The code is not scraping the text when using Beautiful Soup FindAll as it returns an empty set. There are other issues with the code after this but at this stage I am trying to solve the first problem. I am pretty new to this so I understand the code structure may be less than ideal. I come from a VBA background.
import requests
from requests import get
from selenium import webdriver
from bs4 import BeautifulSoup
from lxml import html
import pandas as pd
#import chromedriver_binary # Adds chromedriver binary to path
options = webdriver.ChromeOptions()
options.add_argument('--ignore-certificate-errors')
options.add_argument('--incognito')
options.add_argument('--headless')
driver = webdriver.Chrome(executable_path=r"C:\Users\mmanenica\Documents\chromedriver.exe")
#click the search button on Austenders to return all Awarded Contracts
import time
#define the starting point: Austenders Awarded Contracts search page
driver.get('https://www.tenders.gov.au/cn/search')
#Find the Search Button and return all search results
Search_Results = driver.find_element_by_name("SearchButton")
if 'inactive' in Search_Results.get_attribute('name'):
print("Search Button not found")
exit;
print('Search Button found')
Search_Results.click()
#Pause code to prevent blocking by website
time.sleep(1)
i = 0
Awarded = []
#Move to the next search page by finding the Next button at the bottom of the page
#This code will need to be refined as the last search will be skipped currently.
while True:
Next_Page = driver.find_element_by_class_name('next')
if 'inactive' in Next_Page.get_attribute('class'):
print("End of Search Results")
exit;
i = i + 1
time.sleep(2)
#Loop through all the Detail links on the current Search Results Page
print("Checking search results page " + str(i))
print(driver.current_url)
soup = BeautifulSoup(driver.current_url, features='lxml')
#Find all Contract detail links in the current search results page
Details = soup.findAll('div', {'class': 'list-desc-inner'})
for each_Contract in Details:
#Loop through each Contract details link and scrape all the detailed
#Contract information page
Details_Page = each_Contract.find('a', {'class': 'detail'}).get('href')
driver.get(Details_Page)
#Scrape all the data in the Awarded Contract page
#r = requests.get(driver.current_url)
soup = BeautifulSoup(driver.current_url, features='lxml')
#find a list of all the Contract Info (contained in the the 'Contact Heading'
#class of the span element)
Contract = soup.find_all('span', {'class': 'Contact-Heading'})
Contract_Info = [span.get_text() for span in Contract]
#find a list of all the Summary Contract info which is in the text of\
#the 'list_desc_inner' class
Sub = soup.find_all('div', {'class': 'list_desc_inner'})
Sub_Info = [div.get_text() for div in Sub]

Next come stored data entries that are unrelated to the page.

lemma nbhd_total_graph_Inl:
  "nbhd (total_graph G) (Inl u) = Inl ` nbhd G u \<union> Inr ` {e \<in> edges G. u \<in> e}"
proof (rule set_eqI)
  fix z show "z \<in> nbhd (total_graph G) (Inl u) \<longleftrightarrow> z \<in> Inl ` nbhd G u \<union> Inr ` {e \<in> edges G. u \<in> e}"
    by (cases z) (auto simp: nbhd_def verts_total_graph total_graph_Inl_Inl_edge_iff
        total_graph_Inl_Inr_edge_iff)
qed

lemma nbhd_total_graph_Inr:
  assumes "e \<in> edges G"
  shows "nbhd (total_graph G) (Inr e) = Inl ` (e \<inter> verts G) \<union> Inr ` {f \<in> edges G. f \<noteq> e \<and> f \<inter> e \<noteq> {}}"
proof (rule set_eqI)
  fix z show "z \<in> nbhd (total_graph G) (Inr e) \<longleftrightarrow> z \<in> Inl ` (e \<inter> verts G) \<union> Inr ` {f \<in> edges G. f \<noteq> e \<and> f \<inter> e \<noteq> {}}"
    using assms by (cases z) (auto simp: nbhd_def verts_total_graph total_graph_Inr_Inr_edge_iff
        total_graph_Inl_Inr_edge_iff insert_commute[of "Inr e"])
qed

definition complete_bipartite :: "'a set \<Rightarrow> 'a set \<Rightarrow> 'a ugraph" where
  "complete_bipartite A B = (A \<union> B, {{x, y} | x y. x \<in> A \<and> y \<in> B})"

lemma verts_complete_bipartite: "verts (complete_bipartite A B) = A \<union> B"
  by (simp add: complete_bipartite_def verts_def)

lemma edges_complete_bipartite: "edges (complete_bipartite A B) = {{x, y} | x y. x \<in> A \<and> y \<in> B}"
  by (simp add: complete_bipartite_def edges_def)

context
  fixes A B :: "'a set"
  assumes disjoint: "A \<inter> B = {}"
begin

lemma nbhd_complete_bipartite_left: "u \<in> A \<Longrightarrow> nbhd (complete_bipartite A B) u = B"
  using disjoint by (auto simp: nbhd_def verts_complete_bipartite edges_complete_bipartite doubleton_eq_iff)

lemma nbhd_complete_bipartite_right: "w \<in> B \<Longrightarrow> nbhd (complete_bipartite A B) w = A"
  using disjoint by (auto simp: nbhd_def verts_complete_bipartite edges_complete_bipartite doubleton_eq_iff)

lemma complete_bipartite_edges_at_left:
  "u \<in> A \<Longrightarrow> {e \<in> edges (complete_bipartite A B). u \<in> e} = (\<lambda>y. {u, y}) ` B"
  using disjoint by (auto simp: edges_complete_bipartite)

lemma complete_bipartite_edges_at_right:
  "w \<in> B \<Longrightarrow> {e \<in> edges (complete_bipartite A B). w \<in> e} = (\<lambda>x. {x, w}) ` A"
  using disjoint by (auto simp: edges_complete_bipartite)

lemma complete_bipartite_edges_meeting:
  assumes "x \<in> A" "y \<in> B"
  shows "{f \<in> edges (complete_bipartite A B). f \<noteq> {x, y} \<and> f \<inter> {x, y} \<noteq> {}}
    = (\<lambda>y'. {x, y'}) ` (B - {y}) \<union> (\<lambda>x'. {x', y}) ` (A - {x})"
  using assms disjoint by (auto simp: edges_complete_bipartite doubleton_eq_iff)

end

lemma card_Inl_Inr_Int:
  fixes X :: "'a set" and Y :: "'b set"
  assumes "finite X" "finite Y"
  shows "card ((Inl ` X \<union> Inr ` Y) \<inter> P) = card {x \<in> X. Inl x \<in> P} + card {y \<in> Y. Inr y \<in> P}"
proof -
  have "(Inl ` X \<union> Inr ` Y) \<inter> P = Inl ` {x \<in> X. Inl x \<in> P} \<union> Inr ` {y \<in> Y. Inr y \<in> P}"
    by auto
  also have "card \<dots> = card (Inl ` {x \<in> X. Inl x \<in> P} :: ('a + 'b) set) + card (Inr ` {y \<in> Y. Inr y \<in> P} :: ('a + 'b) set)"
    using assms by (intro card_Un_disjoint) auto
  finally show ?thesis
    by (simp add: card_image)
qed

lemma card_filter_image:
  assumes "inj_on g Y"
  shows "card {e \<in> g ` Y. Q e} = card {y \<in> Y. Q (g y)}"
proof -
  have "{e \<in> g ` Y. Q e} = g ` {y \<in> Y. Q (g y)}" by auto
  then show ?thesis
    using assms by (simp add: card_image inj_on_subset)
qed

lemma card_filter_Diff_singleton:
  assumes "finite X" "y \<in> X"
  shows "card {z \<in> X - {y}. Q z} = card {z \<in> X. Q z} - (if Q y then 1 else 0)"
proof -
  have "{z \<in> X - {y}. Q z} = {z \<in> X. Q z} - {y}" by auto
  then show ?thesis
    using assms by (simp add: card_Diff_singleton_if)
qed

lemma card_colour_class_balanced:
  assumes "finite X" and balanced: "card {x \<in> X. c x} = card {x \<in> X. \<not> c x}"
  shows "card {x \<in> X. c x = t} = card X div 2"
proof -
  have "card X = card ({x \<in> X. c x} \<union> {x \<in> X. \<not> c x})"
    by (rule arg_cong[where f = card]) auto
  also have "\<dots> = card {x \<in> X. c x} + card {x \<in> X. \<not> c x}"
    using \<open>finite X\<close> by (intro card_Un_disjoint) auto
  finally have "card X = card {x \<in> X. c x} + card {x \<in> X. \<not> c x}" .
  then show ?thesis
    using balanced by (cases t) auto
qed

locale balanced_bipartite =
  fixes A B :: "'a set" and c :: "'a \<Rightarrow> bool"
  assumes finite_A: "finite A" and finite_B: "finite B" and disjoint: "A \<inter> B = {}"
    and nonempty_A: "A \<noteq> {}" and nonempty_B: "B \<noteq> {}"
    and balanced_A: "card {x \<in> A. c x} = card {x \<in> A. \<not> c x}"
    and balanced_B: "card {x \<in> B. c x} = card {x \<in> B. \<not> c x}"
begin

abbreviation T :: "('a + 'a set) ugraph" where
  "T \<equiv> total_graph (complete_bipartite A B)"

definition S :: "('a + 'a set) set" where
  "S = Inl ` A \<union> Inr ` {{x, y} | x y. x \<in> A \<and> y \<in> B \<and> c x = c y}"

lemma Inl_in_S_iff: "Inl v \<in> S \<longleftrightarrow> v \<in> A"
  by (auto simp: S_def)

lemma Inr_in_S_iff:
  assumes "x \<in> A" "y \<in> B"
  shows "Inr {x, y} \<in> S \<longleftrightarrow> c x = c y"
proof
  assume "Inr {x, y} \<in> S"
  then obtain a b where "{x, y} = {a, b}" "a \<in> A" "b \<in> B" "c a = c b"
    by (auto simp: S_def)
  with assms disjoint show "c x = c y"
    by (auto simp: doubleton_eq_iff)
next
  assume "c x = c y"
  with assms show "Inr {x, y} \<in> S"
    by (auto simp: S_def)
qed

lemma card_class_A: "card {x \<in> A. c x = t} = card A div 2"
  using card_colour_class_balanced[OF finite_A balanced_A] .

lemma card_class_B: "card {x \<in> B. c x = t} = card B div 2"
  using card_colour_class_balanced[OF finite_B balanced_B] .

lemma half_card_A_pos: "card A div 2 \<ge> 1"
proof -
  obtain x where "x \<in> A" using nonempty_A by blast
  then have "card {z \<in> A. c z = c x} > 0"
    using finite_A by (auto simp: card_gt_0_iff)
  then show ?thesis
    using card_class_A[of "c x"] by simp
qed

lemma half_card_B_pos: "card B div 2 \<ge> 1"
proof -
  obtain x where "x \<in> B" using nonempty_B by blast
  then have "card {z \<in> B. c z = c x} > 0"
    using finite_B by (auto simp: card_gt_0_iff)
  then show ?thesis
    using card_class_B[of "c x"] by simp
qed

lemma card_nbhd_left:
  assumes "u \<in> A"
  shows "card (nbhd T (Inl u) \<inter> P) = card {w \<in> B. Inl w \<in> P} + card {y \<in> B. Inr {u, y} \<in> P}"
proof -
  have "inj_on (\<lambda>y. {u, y}) B"
    using assms disjoint by (auto simp: inj_on_def doubleton_eq_iff)
  then show ?thesis
    using assms disjoint finite_B
    by (simp add: nbhd_total_graph_Inl nbhd_complete_bipartite_left
        complete_bipartite_edges_at_left card_Inl_Inr_Int card_filter_image)
qed

lemma card_nbhd_right:
  assumes "w \<in> B"
  shows "card (nbhd T (Inl w) \<inter> P) = card {x \<in> A. Inl x \<in> P} + card {x \<in> A. Inr {x, w} \<in> P}"
proof -
  have "inj_on (\<lambda>x. {x, w}) A"
    using assms disjoint by (auto simp: inj_on_def doubleton_eq_iff)
  then show ?thesis
    using assms disjoint finite_A
    by (simp add: nbhd_total_graph_Inl nbhd_complete_bipartite_right
        complete_bipartite_edges_at_right card_Inl_Inr_Int card_filter_image)
qed

lemma card_nbhd_edge:
  assumes x: "x \<in> A" and y: "y \<in> B"
  shows "card (nbhd T (Inr {x, y}) \<inter> P) = card {v \<in> {x, y}. Inl v \<in> P}
    + card {y' \<in> B - {y}. Inr {x, y'} \<in> P} + card {x' \<in> A - {x}. Inr {x', y} \<in> P}"
proof -
  let ?E\<^sub>x = "(\<lambda>y'. {x, y'}) ` (B - {y})" and ?E\<^sub>y = "(\<lambda>x'. {x', y}) ` (A - {x})"
  have "{x, y} \<in> edges (complete_bipartite A B)"
    using x y by (auto simp: edges_complete_bipartite)
  moreover have "{x, y} \<inter> verts (complete_bipartite A B) = {x, y}"
    using x y by (auto simp: verts_complete_bipartite)
  ultimately have "nbhd T (Inr {x, y}) = Inl ` {x, y} \<union> Inr ` (?E\<^sub>x \<union> ?E\<^sub>y)"
    by (simp only: nbhd_total_graph_Inr complete_bipartite_edges_meeting[OF disjoint x y])
  then have "card (nbhd T (Inr {x, y}) \<inter> P)
      = card {v \<in> {x, y}. Inl v \<in> P} + card {e \<in> ?E\<^sub>x \<union> ?E\<^sub>y. Inr e \<in> P}"
    using finite_A finite_B by (simp only: card_Inl_Inr_Int finite.insertI finite.emptyI
        finite_Un finite_imageI finite_Diff)
  also have "{e \<in> ?E\<^sub>x \<union> ?E\<^sub>y. Inr e \<in> P} = {e \<in> ?E\<^sub>x. Inr e \<in> P} \<union> {e \<in> ?E\<^sub>y. Inr e \<in> P}"
    by auto
  also have "card \<dots> = card {e \<in> ?E\<^sub>x. Inr e \<in> P} + card {e \<in> ?E\<^sub>y. Inr e \<in> P}"
    using x y disjoint finite_A finite_B by (intro card_Un_disjoint) (auto simp: doubleton_eq_iff)
  also have "card {e \<in> ?E\<^sub>x. Inr e \<in> P} = card {y' \<in> B - {y}. Inr {x, y'} \<in> P}"
    using x disjoint by (intro card_filter_image) (auto simp: inj_on_def doubleton_eq_iff)
  also have "card {e \<in> ?E\<^sub>y. Inr e \<in> P} = card {x' \<in> A - {x}. Inr {x', y} \<in> P}"
    using y disjoint by (intro card_filter_image) (auto simp: inj_on_def doubleton_eq_iff)
  finally show ?thesis by simp
qed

#Combine the lists into a unified list and append to the Awarded table
Combined = [Contract_Info, Sub_Info]
Awarded.append[Combined]
#Go back to the Search Results page (from the Detailed Contract page)
driver.back()
#Go to the next Search Page by clicking on the Next button at the bottom of the page
Next_Page.click()
#
time.sleep(3)
print(Awarded.Shape)
as stated, you are not actually feeding in the html source into BeautifulSoup. So first thing changed is: soup = BeautifulSoup(driver.current_url, features='lxml') to soup = BeautifulSoup(driver.page_source, features='lxml')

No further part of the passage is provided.